Collected data:
•••
lemma cnj_canon_add_char: "cnj (\<psi> x) = \<psi> (- x)"
proof -
  have "cnj (\<psi> x) * \<psi> x = 1"
    by (simp add: canon_add_char_eq cnj_unit_root_power_mult)
  moreover have "\<psi> (- x) * \<psi> x = 1"
    by (simp flip: canon_add_char_add)
  moreover have "\<psi> x \<noteq> 0"
    by (simp add: canon_add_char_eq)
  ultimately show ?thesis by (metis mult_cancel_right)
qed

lemma sum_canon_add_char_subgroup:
  assumes "0 \<in> S" and "\<And>a b. a \<in> S \<Longrightarrow> b \<in> S \<Longrightarrow> a + b \<in> S"
    and "\<And>a. a \<in> S \<Longrightarrow> - a \<in> S"
  shows "(\<Sum>z\<in>S. \<psi> (x * z)) = (if \<forall>z\<in>S. Tr (x * z) = 0 then of_nat (card S) else 0)"
proof (cases "\<forall>z\<in>S. Tr (x * z) = 0")
  case True
  hence "(\<Sum>z\<in>S. \<psi> (x * z)) = (\<Sum>z\<in>S. 1)"
    by (intro sum.cong) (auto simp: canon_add_char_eq_1_iff)
  thus ?thesis using True by simp
next
  case False
  then obtain z0 where z0: "z0 \<in> S" "Tr (x * z0) \<noteq> 0" by auto
  have shift: "bij_betw (\<lambda>z. z + z0) S S"
  proof (rule bij_betwI[of _ _ _ "\<lambda>z. z - z0"])
    have "z - z0 \<in> S" if "z \<in> S" for z
      using assms(2)[OF that assms(3)[OF z0(1)]] by simp
    thus "(\<lambda>z. z - z0) \<in> S \<rightarrow> S" by blast
  qed (use assms z0 in auto)
  have "(\<Sum>z\<in>S. \<psi> (x * z)) = (\<Sum>z\<in>S. \<psi> (x * (z + z0)))"
    using sum.reindex_bij_betw[OF shift, of "\<lambda>z. \<psi> (x * z)"] by simp
  also have "\<dots> = (\<Sum>z\<in>S. \<psi> (x * z)) * \<psi> (x * z0)"
    by (simp add: distrib_left canon_add_char_add sum_distrib_right)
  finally have "(\<Sum>z\<in>S. \<psi> (x * z)) * (1 - \<psi> (x * z0)) = 0"
    by (simp add: algebra_simps)
  moreover have "\<psi> (x * z0) \<noteq> 1"
    using z0 canon_add_char_eq_1_iff by simp
  ultimately have "(\<Sum>z\<in>S. \<psi> (x * z)) = 0" by simp
  thus ?thesis using False by (simp only: if_False)
qed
•••
Exercise prompt:
Start at the first line of the entries above. Set down each line exactly through the one with "by (simp add: distrib_left", and stop there.

The completed task:
lemma cnj_canon_add_char: "cnj (\<psi> x) = \<psi> (- x)"
proof -
  have "cnj (\<psi> x) * \<psi> x = 1"
    by (simp add: canon_add_char_eq cnj_unit_root_power_mult)
  moreover have "\<psi> (- x) * \<psi> x = 1"
    by (simp flip: canon_add_char_add)
  moreover have "\<psi> x \<noteq> 0"
    by (simp add: canon_add_char_eq)
  ultimately show ?thesis by (metis mult_cancel_right)
qed

lemma sum_canon_add_char_subgroup:
  assumes "0 \<in> S" and "\<And>a b. a \<in> S \<Longrightarrow> b \<in> S \<Longrightarrow> a + b \<in> S"
    and "\<And>a. a \<in> S \<Longrightarrow> - a \<in> S"
  shows "(\<Sum>z\<in>S. \<psi> (x * z)) = (if \<forall>z\<in>S. Tr (x * z) = 0 then of_nat (card S) else 0)"
proof (cases "\<forall>z\<in>S. Tr (x * z) = 0")
  case True
  hence "(\<Sum>z\<in>S. \<psi> (x * z)) = (\<Sum>z\<in>S. 1)"
    by (intro sum.cong) (auto simp: canon_add_char_eq_1_iff)
  thus ?thesis using True by simp
next
  case False
  then obtain z0 where z0: "z0 \<in> S" "Tr (x * z0) \<noteq> 0" by auto
  have shift: "bij_betw (\<lambda>z. z + z0) S S"
  proof (rule bij_betwI[of _ _ _ "\<lambda>z. z - z0"])
    have "z - z0 \<in> S" if "z \<in> S" for z
      using assms(2)[OF that assms(3)[OF z0(1)]] by simp
    thus "(\<lambda>z. z - z0) \<in> S \<rightarrow> S" by blast
  qed (use assms z0 in auto)
  have "(\<Sum>z\<in>S. \<psi> (x * z)) = (\<Sum>z\<in>S. \<psi> (x * (z + z0)))"
    using sum.reindex_bij_betw[OF shift, of "\<lambda>z. \<psi> (x * z)"] by simp
  also have "\<dots> = (\<Sum>z\<in>S. \<psi> (x * z)) * \<psi> (x * z0)"
    by (simp add: distrib_left canon_add_char_add sum_distrib_right)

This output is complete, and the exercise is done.